Les négociations du Front commun et la grève du 28 mars n'ayant pas suffit à faire plier le gouvernement, les trois grandes centrales syndicales décrètent une grève générale illimitée le 11 avril 1972. Par mesure préventive, avant le début du débrayage, le gouvernement de Robert Bourassa met en place plusieurs injonctions limitant le droit de grève de 15 000 employés de l'État, essentiellement issus du milieu hospitalier[19]. Malgré les conséquences légales encourues (amendes ou encore peines de prison), les syndicats défient les injonctions gouvernementales par soucis de préserver le droit de grève du secteur public[20]. En dépit de nombreux piquetages, seuls 21 des 71 hôpitaux concernés par les mesures gouvernementales doivent être investis par la police afin de s'assurer qu'ils offrent les services essentiels, le reste des travailleurs décidant de retourner au travail[18]. Les employés d'Hydro-Québec, après délibérations, décident également de se dissocier du Front commun en mettant fin au débrayage. Plusieurs d'entre eux[21], au même titre que les enseignants membres de l'Alliance des professeurs[18], se voient toutefois contraints de ne pas travailler par les lignes de piquetage dressés par les employés des autres secteurs.

Le 18 avril 1972, soit une semaine après le début de la grève générale illimitée, le gouvernement du Québec propose une nouvelle offre au Front commun: une somme supplémentaire de 21 millions de dollars pour les travailleurs les moins bien rémunérés ainsi que des indemnités de licenciement pour les professeurs qui perdent leur emploi[22]. L'estimant insuffisante, les centrales syndicales refusent cette nouvelle offre, précipitant le conflit vers la loi spéciale du 21 avril 1972.

Bill 19 et emprisonnement des chefs syndicaux[modifier | modifier le code]
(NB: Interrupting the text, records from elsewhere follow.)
(* Let $\omega\colon\mathbf Z_+\to(0,+\infty)$ be a positive weight and let $T\colon\mathbf Z_+\to\mathbf Z_+$ be the modified Collatz map ($T(n)=n/2$ if $n$ is even, $T(n)=(3n+1)/2$ if $n$ is odd). Let $\mathcal X_\omega$ be the Hilbert space of holomorphic functions $f(z)=\sum_{n\ge 3}c_nz^n$ on the unit disk with $\|f\|_\omega^2=\sum_{n\ge3}|c_n|^2/\omega(n)<\infty$, and let $\mathcal T$ be defined on $\mathcal X_\omega$ by \[\mathcal T\sum_{n\ge3}c_nz^n=\sum_{j\ge 3,\ T(j)\ge 3}c_jz^{T(j)}\] (so the coefficient of $z^k$, $k\ge3$, in $\mathcal Tf$ is $\sum_{j\ge3,\,T(j)=k}c_j$). Then $\mathcal T$ is a bounded operator on $\mathcal X_\omega$ if and only if the three sequences $(\omega(6m)/\omega(3m))_{m\ge1}$, $(\omega(6m+2)/\omega(3m+1))_{m\ge1}$ and $((\omega(6m+4)+\omega(2m+1))/\omega(3m+2))_{m\ge1}$ are bounded. In this case \[\|\mathcal T\|_\omega^2=\max\Big\{\sup_{m\ge1}\tfrac{\omega(6m)}{\omega(3m)},\ \sup_{m\ge1}\tfrac{\omega(6m+2)}{\omega(3m+1)},\ \sup_{m\ge1}\tfrac{\omega(6m+4)+\omega(2m+1)}{\omega(3m+2)}\Big\},\] and moreover for every $n\ge0$, \[\|\mathcal T^n\|_\omega^2=\sup_{k\ge3}\sum_{j\ge3,\ T^n(j)=k}\frac{\omega(j)}{\omega(k)}.\] In particular, for $\omega=\omega_0$ with $\omega_0(n)=(n+1)/\pi$, $\mathcal T$ is bounded on $\mathcal X_{\omega_0}$ and $\|\mathcal T\|^2=8/3$.
   Context: $\mathcal X_\omega$ is the quotient of the weighted Bergman space $\mathcal B^2_\omega=\{\sum_{n\ge0}c_nz^n:\sum|c_n|^2/\omega(n)<\infty\}$ by $\mathrm{span}[1,z,z^2]$, identified with functions $\sum_{n\ge3}c_nz^n$; its inner product is $\langle f,g\rangle=\sum_{n\ge3}c_n(f)\overline{c_n(g)}/\omega(n)$. For $\omega_0(n)=(n+1)/\pi$, $\mathcal B^2_{\omega_0}$ is the classical Bergman space. *)

theory Defs
  imports "HOL-Analysis.Analysis"
begin

definition collatzT :: "nat \<Rightarrow> nat" where
  "collatzT n = (if even n then n div 2 else (3 * n + 1) div 2)"

text \<open>Elements of X_omega, represented by their Taylor coefficient sequences
  (coefficients of index < 3 vanish).\<close>
definition in_X :: "(nat \<Rightarrow> real) \<Rightarrow> (nat \<Rightarrow> complex) \<Rightarrow> bool" where
  "in_X \<omega> c \<longleftrightarrow> (\<forall>n<3. c n = 0) \<and> summable (\<lambda>n. (cmod (c n))\<^sup>2 / \<omega> n)"

definition wnorm :: "(nat \<Rightarrow> real) \<Rightarrow> (nat \<Rightarrow> complex) \<Rightarrow> real" where
  "wnorm \<omega> c = sqrt (\<Sum>n. (cmod (c n))\<^sup>2 / \<omega> n)"

definition Top :: "(nat \<Rightarrow> complex) \<Rightarrow> (nat \<Rightarrow> complex)" where
  "Top c = (\<lambda>k. if k < 3 then 0 else (\<Sum>j\<in>{j. 3 \<le> j \<and> collatzT j = k}. c j))"

definition bounded_on_X :: "(nat \<Rightarrow> real) \<Rightarrow> ((nat \<Rightarrow> complex) \<Rightarrow> (nat \<Rightarrow> complex)) \<Rightarrow> bool" where
  "bounded_on_X \<omega> A \<longleftrightarrow>
     (\<forall>c. in_X \<omega> c \<longrightarrow> in_X \<omega> (A c)) \<and>
     (\<exists>C. \<forall>c. in_X \<omega> c \<longrightarrow> wnorm \<omega> (A c) \<le> C * wnorm \<omega> c)"

definition opnorm_X :: "(nat \<Rightarrow> real) \<Rightarrow> ((nat \<Rightarrow> complex) \<Rightarrow> (nat \<Rightarrow> complex)) \<Rightarrow> real" where
  "opnorm_X \<omega> A = Sup ((\<lambda>c. wnorm \<omega> (A c)) ` {c. in_X \<omega> c \<and> wnorm \<omega> c \<le> 1})"

definition omega0 :: "nat \<Rightarrow> real" where
  "omega0 n = (real n + 1) / pi"

end

(*
  The operator Top is the push-forward of coefficient sequences along T: the k-th
  coefficient of Top c is the sum of c j over the fibre {j >= 3. T j = k}.  For the
  push-forward along any map with finite fibres, Cauchy-Schwarz on one fibre bounds
  |(Top c) k|^2 / omega k by S k times the weighted mass of c on that fibre, where
  S k = (sum of omega j over the fibre) / omega k.  The fibres are disjoint, so the
  squared norm of Top c is at most (sup S) times that of c.  Conversely, the vector
  proportional to omega on a single fibre attains S k, so the squared operator norm
  is exactly sup S.  The fibres of T over 3m, 3m+1 and 3m+2 are {6m}, {6m+2} and
  {6m+4, 2m+1}; and since T maps {0,1,2} into itself, the n-th power of Top is the
  push-forward along the n-th iterate of T.  For omega0 the three ratios are at most
  2, at most 2, and equal to 8/3 - 1/(3m+3).
*)

theory Submission
  imports Defs
begin

lemma in_X_zero: "in_X \<omega> (\<lambda>_. 0)"
  by (simp add: in_X_def)

lemma bounded_on_X_id: "bounded_on_X \<omega> id"
  unfolding bounded_on_X_def by (intro conjI exI[of _ 1]) auto

lemma opnorm_X_le:
  assumes "\<And>c. in_X \<omega> c \<Longrightarrow> wnorm \<omega> c \<le> 1 \<Longrightarrow> wnorm \<omega> (A c) \<le> C"
  shows "opnorm_X \<omega> A \<le> C"
  unfolding opnorm_X_def using assms in_X_zero[of \<omega>]
  by (intro cSUP_least) (auto simp: wnorm_def)

lemma bounded_on_X_cong:
  assumes "\<And>c. in_X \<omega> c \<Longrightarrow> A c = B c"
  shows "bounded_on_X \<omega> A = bounded_on_X \<omega> B" "opnorm_X \<omega> A = opnorm_X \<omega> B"
  using assms by (auto simp: bounded_on_X_def opnorm_X_def intro!: SUP_cong)

locale positive_weight =
  fixes \<omega> :: "nat \<Rightarrow> real"
  assumes weight_pos: "0 < \<omega> n"
begin

lemma wnorm_sq: "in_X \<omega> c \<Longrightarrow> (wnorm \<omega> c)\<^sup>2 = (\<Sum>n. (cmod (c n))\<^sup>2 / \<omega> n)"
  using suminf_nonneg[of "\<lambda>n. (cmod (c n))\<^sup>2 / \<omega> n"] weight_pos
  by (simp add: wnorm_def in_X_def less_imp_le)

lemma wnorm_nonneg: "in_X \<omega> c \<Longrightarrow> 0 \<le> wnorm \<omega> c"
  using wnorm_sq by (metis real_sqrt_ge_0_iff wnorm_def zero_le_power2)

lemma coeff_sq_le_wnorm_sq: "in_X \<omega> c \<Longrightarrow> (cmod (c k))\<^sup>2 / \<omega> k \<le> (wnorm \<omega> c)\<^sup>2"
  using sum_le_suminf[of "\<lambda>n. (cmod (c n))\<^sup>2 / \<omega> n" "{k}"] weight_pos
  by (auto simp: wnorm_sq in_X_def less_imp_le)

lemma bounded_on_X_nonneg_bound:
  assumes "bounded_on_X \<omega> A"
  obtains C where "C \<ge> 0" "\<And>c. in_X \<omega> c \<Longrightarrow> wnorm \<omega> (A c) \<le> C * wnorm \<omega> c"
proof -
  obtain C where C: "\<And>c. in_X \<omega> c \<Longrightarrow> wnorm \<omega> (A c) \<le> C * wnorm \<omega> c"
    using assms by (auto simp: bounded_on_X_def)
  have "wnorm \<omega> (A c) \<le> max C 0 * wnorm \<omega> c" if "in_X \<omega> c" for c
    using C[OF that] wnorm_nonneg[OF that] by (smt (verit) mult_right_mono)
  then show ?thesis using that[of "max C 0"] by simp
qed

lemma bounded_on_X_comp:
  assumes "bounded_on_X \<omega> A" "bounded_on_X \<omega> B"
  shows "bounded_on_X \<omega> (A \<circ> B)"
proof -
  obtain C where "C \<ge> 0" and C: "\<And>c. in_X \<omega> c \<Longrightarrow> wnorm \<omega> (A c) \<le> C * wnorm \<omega> c"
    using bounded_on_X_nonneg_bound[OF assms(1)] by blast
  obtain D where D: "\<And>c. in_X \<omega> c \<Longrightarrow> wnorm \<omega> (B c) \<le> D * wnorm \<omega> c"
    using assms(2) by (auto simp: bounded_on_X_def)
  have "wnorm \<omega> (A (B c)) \<le> (C * D) * wnorm \<omega> c" if "in_X \<omega> c" for c
  proof -
    have "in_X \<omega> (B c)" using assms(2) that by (simp add: bounded_on_X_def)
    then have "wnorm \<omega> (A (B c)) \<le> C * wnorm \<omega> (B c)" by (rule C)
    also have "\<dots> \<le> C * (D * wnorm \<omega> c)" using D[OF that] \<open>C \<ge> 0\<close> by (rule mult_left_mono)
    finally show ?thesis by (simp add: mult.assoc)
  qed
  then show ?thesis using assms by (auto simp: bounded_on_X_def)
qed

lemma bounded_on_X_funpow: "bounded_on_X \<omega> A \<Longrightarrow> bounded_on_X \<omega> (A ^^ n)"
proof (induction n)
  case 0
  show ?case unfolding funpow.simps(1) by (rule bounded_on_X_id)
next
  case (Suc n)
  then show ?case unfolding funpow.simps(2) by (intro bounded_on_X_comp)
qed

lemma wnorm_le_opnorm_X:
  assumes "bounded_on_X \<omega> A" "in_X \<omega> c" "wnorm \<omega> c \<le> 1"
  shows "wnorm \<omega> (A c) \<le> opnorm_X \<omega> A"
proof -
  obtain C where "C \<ge> 0" and C: "\<And>c. in_X \<omega> c \<Longrightarrow> wnorm \<omega> (A c) \<le> C * wnorm \<omega> c"
    using bounded_on_X_nonneg_bound[OF assms(1)] by blast
  have "wnorm \<omega> (A d) \<le> C" if "in_X \<omega> d" "wnorm \<omega> d \<le> 1" for d
    using C[OF that(1)] mult_left_le[OF that(2) \<open>C \<ge> 0\<close>] by linarith
  then have "bdd_above ((\<lambda>c. wnorm \<omega> (A c)) ` {c. in_X \<omega> c \<and> wnorm \<omega> c \<le> 1})"
    by (auto intro!: bdd_aboveI[of _ C])
  then show ?thesis unfolding opnorm_X_def using assms(2,3) by (auto intro: cSUP_upper)
qed

lemma opnorm_X_nonneg:
  assumes "bounded_on_X \<omega> A"
  shows "0 \<le> opnorm_X \<omega> A"
proof -
  have "in_X \<omega> (A (\<lambda>_. 0))" using assms in_X_zero by (simp add: bounded_on_X_def)
  then have "0 \<le> wnorm \<omega> (A (\<lambda>_. 0))" by (rule wnorm_nonneg)
  also have "\<dots> \<le> opnorm_X \<omega> A"
    using assms in_X_zero by (rule wnorm_le_opnorm_X) (simp add: wnorm_def)
  finally show ?thesis .
qed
Dix jours après le déclenchement de la grève générale illimitée, le gouvernement du Québec promulgue une loi forçant un retour au travail: le Bill 19 du 21 avril 1972. Les principaux éléments de cette loi spéciale peuvent se résumer ainsi: l'obligation pour les travailleurs de cesser la grève le 23 avril à minuit, la convocation de la Commission parlementaire de la fonction publique, la possibilité pour le gouvernement de fixer les conditions de travail par décret si aucune entente n'est trouvée avant le 1er juin et la mise en place de sévères amendes pour les travailleurs et les organisations qui ne respecteraient pas la loi[23]. Le Conseil de coordination du Front commun se réunit le jour du dépôt du projet de loi et, sous l'initiative du Comité exécutif, décide de ne pas respecter le projet de loi 19 et organise un référendum auprès des membres des trois grandes centrales syndicales afin d'avoir leur avis sur le sujet[24]. Le soir même, le 21 avril, le vote est clair: les membres des trois grandes organisations soutiennent le non-respect du projet de loi spéciale[25]. Toutefois, vu le faible taux de participation au référendum (il n'y a eu qu'une journée pour l'organiser), les risques légaux encourus et le peu de temps disponible pour organiser la mobilisation, le Conseil de coordination du Front commun vote à la quasi-unanimité le respect du Bill 19[25].

Au même moment, les tribunaux mettent en branle une poursuite contre les trois chefs syndicaux, Marcel Pepin (CSN), Louis Laberge (FTQ) et Yvon Charbonneau (CEQ). On leur reproche d'avoir poussé à la désobéissance civile en recommandant de ne pas respecter les injonctions. Le 4 mai 1972, les présidents des trois grandes centrales comparaissent à Québec[26]. Puisque le juge tarde à arriver, ils sont jugés in absentia[26]. Le 8 mai, la sentence tombe: Pepin, Laberge et Charbonneau sont tous les trois condamnés à un an de prison. Le lendemain, accompagnés de soutiens syndicaux, ils se rendent aux autorités judiciaires après une marche fortement médiatisée jusqu'au palais de justice de Québec[27].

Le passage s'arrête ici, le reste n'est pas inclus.